• _The task_:
Filter the records for lines holding the string "subsection".
Data section below:
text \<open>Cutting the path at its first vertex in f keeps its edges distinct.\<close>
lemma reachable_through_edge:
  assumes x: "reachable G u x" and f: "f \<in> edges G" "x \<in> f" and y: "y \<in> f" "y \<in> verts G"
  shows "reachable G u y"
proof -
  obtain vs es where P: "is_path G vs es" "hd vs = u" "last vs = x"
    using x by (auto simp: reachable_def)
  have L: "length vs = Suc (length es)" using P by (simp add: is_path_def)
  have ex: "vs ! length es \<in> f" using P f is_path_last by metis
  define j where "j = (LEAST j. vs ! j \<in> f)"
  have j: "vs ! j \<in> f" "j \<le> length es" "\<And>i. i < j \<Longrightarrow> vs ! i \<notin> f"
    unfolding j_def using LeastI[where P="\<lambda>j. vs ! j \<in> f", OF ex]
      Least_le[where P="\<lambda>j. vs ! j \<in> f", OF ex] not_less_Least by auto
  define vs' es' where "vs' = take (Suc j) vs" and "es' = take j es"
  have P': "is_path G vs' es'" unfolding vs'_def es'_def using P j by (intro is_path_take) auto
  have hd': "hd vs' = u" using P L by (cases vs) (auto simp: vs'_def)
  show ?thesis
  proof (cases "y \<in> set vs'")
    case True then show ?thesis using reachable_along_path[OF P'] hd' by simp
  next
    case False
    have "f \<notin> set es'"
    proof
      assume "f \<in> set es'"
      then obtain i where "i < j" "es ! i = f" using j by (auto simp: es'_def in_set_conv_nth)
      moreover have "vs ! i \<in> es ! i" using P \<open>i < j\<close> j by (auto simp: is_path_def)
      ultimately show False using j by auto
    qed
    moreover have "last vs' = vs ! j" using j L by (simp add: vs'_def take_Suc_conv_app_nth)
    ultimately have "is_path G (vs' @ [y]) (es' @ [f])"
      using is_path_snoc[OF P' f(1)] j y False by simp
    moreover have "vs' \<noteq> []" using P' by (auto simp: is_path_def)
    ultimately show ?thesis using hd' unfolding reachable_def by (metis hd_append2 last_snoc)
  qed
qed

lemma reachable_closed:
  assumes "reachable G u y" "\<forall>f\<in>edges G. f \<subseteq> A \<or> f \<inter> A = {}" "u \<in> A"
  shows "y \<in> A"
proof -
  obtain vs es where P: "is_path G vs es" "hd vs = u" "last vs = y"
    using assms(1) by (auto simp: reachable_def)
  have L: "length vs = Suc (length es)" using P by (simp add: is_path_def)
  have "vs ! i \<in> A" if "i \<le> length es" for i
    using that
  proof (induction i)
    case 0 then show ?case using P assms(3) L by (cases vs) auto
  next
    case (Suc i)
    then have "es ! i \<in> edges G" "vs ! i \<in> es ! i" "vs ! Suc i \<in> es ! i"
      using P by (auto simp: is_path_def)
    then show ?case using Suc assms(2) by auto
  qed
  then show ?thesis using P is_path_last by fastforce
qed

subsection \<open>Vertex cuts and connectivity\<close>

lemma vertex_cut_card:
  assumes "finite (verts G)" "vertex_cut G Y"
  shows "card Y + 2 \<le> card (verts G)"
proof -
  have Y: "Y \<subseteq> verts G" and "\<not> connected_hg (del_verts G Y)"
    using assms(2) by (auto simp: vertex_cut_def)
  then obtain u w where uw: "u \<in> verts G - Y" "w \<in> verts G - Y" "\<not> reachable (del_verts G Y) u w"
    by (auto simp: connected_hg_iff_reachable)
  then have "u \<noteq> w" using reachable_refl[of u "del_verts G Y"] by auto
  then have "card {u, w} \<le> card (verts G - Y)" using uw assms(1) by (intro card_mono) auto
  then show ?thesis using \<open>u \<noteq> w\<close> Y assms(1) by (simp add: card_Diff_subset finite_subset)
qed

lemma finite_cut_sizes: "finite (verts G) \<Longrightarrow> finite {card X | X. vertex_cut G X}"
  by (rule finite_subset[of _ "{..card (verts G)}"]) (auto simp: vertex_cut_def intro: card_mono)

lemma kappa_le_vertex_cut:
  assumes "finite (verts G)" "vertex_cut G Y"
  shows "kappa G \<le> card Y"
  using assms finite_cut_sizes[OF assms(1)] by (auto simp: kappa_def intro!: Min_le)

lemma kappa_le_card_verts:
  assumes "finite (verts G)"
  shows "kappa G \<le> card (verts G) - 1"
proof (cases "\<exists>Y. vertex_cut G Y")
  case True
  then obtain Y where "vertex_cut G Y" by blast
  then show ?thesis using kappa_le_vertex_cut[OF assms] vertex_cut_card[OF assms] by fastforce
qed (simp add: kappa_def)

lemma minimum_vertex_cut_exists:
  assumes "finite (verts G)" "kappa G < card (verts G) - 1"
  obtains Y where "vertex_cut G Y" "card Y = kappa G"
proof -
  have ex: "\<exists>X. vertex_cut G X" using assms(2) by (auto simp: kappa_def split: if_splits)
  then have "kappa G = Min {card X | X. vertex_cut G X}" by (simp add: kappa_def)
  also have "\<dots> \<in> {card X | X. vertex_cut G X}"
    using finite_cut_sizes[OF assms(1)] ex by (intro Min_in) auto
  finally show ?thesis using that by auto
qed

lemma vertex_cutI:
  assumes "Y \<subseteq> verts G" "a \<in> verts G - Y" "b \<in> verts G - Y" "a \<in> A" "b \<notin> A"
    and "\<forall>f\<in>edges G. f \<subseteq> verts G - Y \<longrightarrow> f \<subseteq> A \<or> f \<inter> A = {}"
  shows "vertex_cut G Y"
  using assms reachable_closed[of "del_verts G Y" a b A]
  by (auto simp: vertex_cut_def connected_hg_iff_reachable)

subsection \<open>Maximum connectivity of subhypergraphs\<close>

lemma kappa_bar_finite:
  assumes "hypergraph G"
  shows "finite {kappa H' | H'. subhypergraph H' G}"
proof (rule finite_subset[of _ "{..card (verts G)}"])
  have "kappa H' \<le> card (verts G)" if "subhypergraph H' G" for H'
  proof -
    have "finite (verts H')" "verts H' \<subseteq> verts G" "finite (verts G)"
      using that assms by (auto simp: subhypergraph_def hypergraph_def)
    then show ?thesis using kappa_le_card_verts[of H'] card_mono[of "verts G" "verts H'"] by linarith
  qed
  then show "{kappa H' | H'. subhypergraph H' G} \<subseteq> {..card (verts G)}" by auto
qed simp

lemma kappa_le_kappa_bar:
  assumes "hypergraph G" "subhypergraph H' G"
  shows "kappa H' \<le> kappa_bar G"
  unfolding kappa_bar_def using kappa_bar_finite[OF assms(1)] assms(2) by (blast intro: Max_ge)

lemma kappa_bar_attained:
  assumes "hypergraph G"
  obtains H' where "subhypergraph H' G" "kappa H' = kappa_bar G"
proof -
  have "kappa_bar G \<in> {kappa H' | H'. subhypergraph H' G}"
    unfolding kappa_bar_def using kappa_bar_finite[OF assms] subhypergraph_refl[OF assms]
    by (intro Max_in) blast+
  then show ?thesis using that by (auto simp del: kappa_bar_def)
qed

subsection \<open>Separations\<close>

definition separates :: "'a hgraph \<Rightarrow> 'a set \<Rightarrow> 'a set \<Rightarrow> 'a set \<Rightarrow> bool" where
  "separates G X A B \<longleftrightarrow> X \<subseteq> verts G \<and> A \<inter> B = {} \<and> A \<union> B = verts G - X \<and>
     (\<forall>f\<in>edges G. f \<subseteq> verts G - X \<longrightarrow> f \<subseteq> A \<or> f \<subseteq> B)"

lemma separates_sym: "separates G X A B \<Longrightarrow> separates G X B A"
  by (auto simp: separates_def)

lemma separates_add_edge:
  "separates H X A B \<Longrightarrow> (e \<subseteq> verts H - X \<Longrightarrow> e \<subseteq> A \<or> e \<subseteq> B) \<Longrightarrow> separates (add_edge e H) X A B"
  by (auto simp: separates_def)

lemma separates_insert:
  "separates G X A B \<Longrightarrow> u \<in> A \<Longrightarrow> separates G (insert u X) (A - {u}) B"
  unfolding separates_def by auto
End of Data section.
• _Response to this task_:
subsection \<open>Vertex cuts and connectivity\<close>
subsection \<open>Maximum connectivity of subhypergraphs\<close>
subsection \<open>Separations\<close>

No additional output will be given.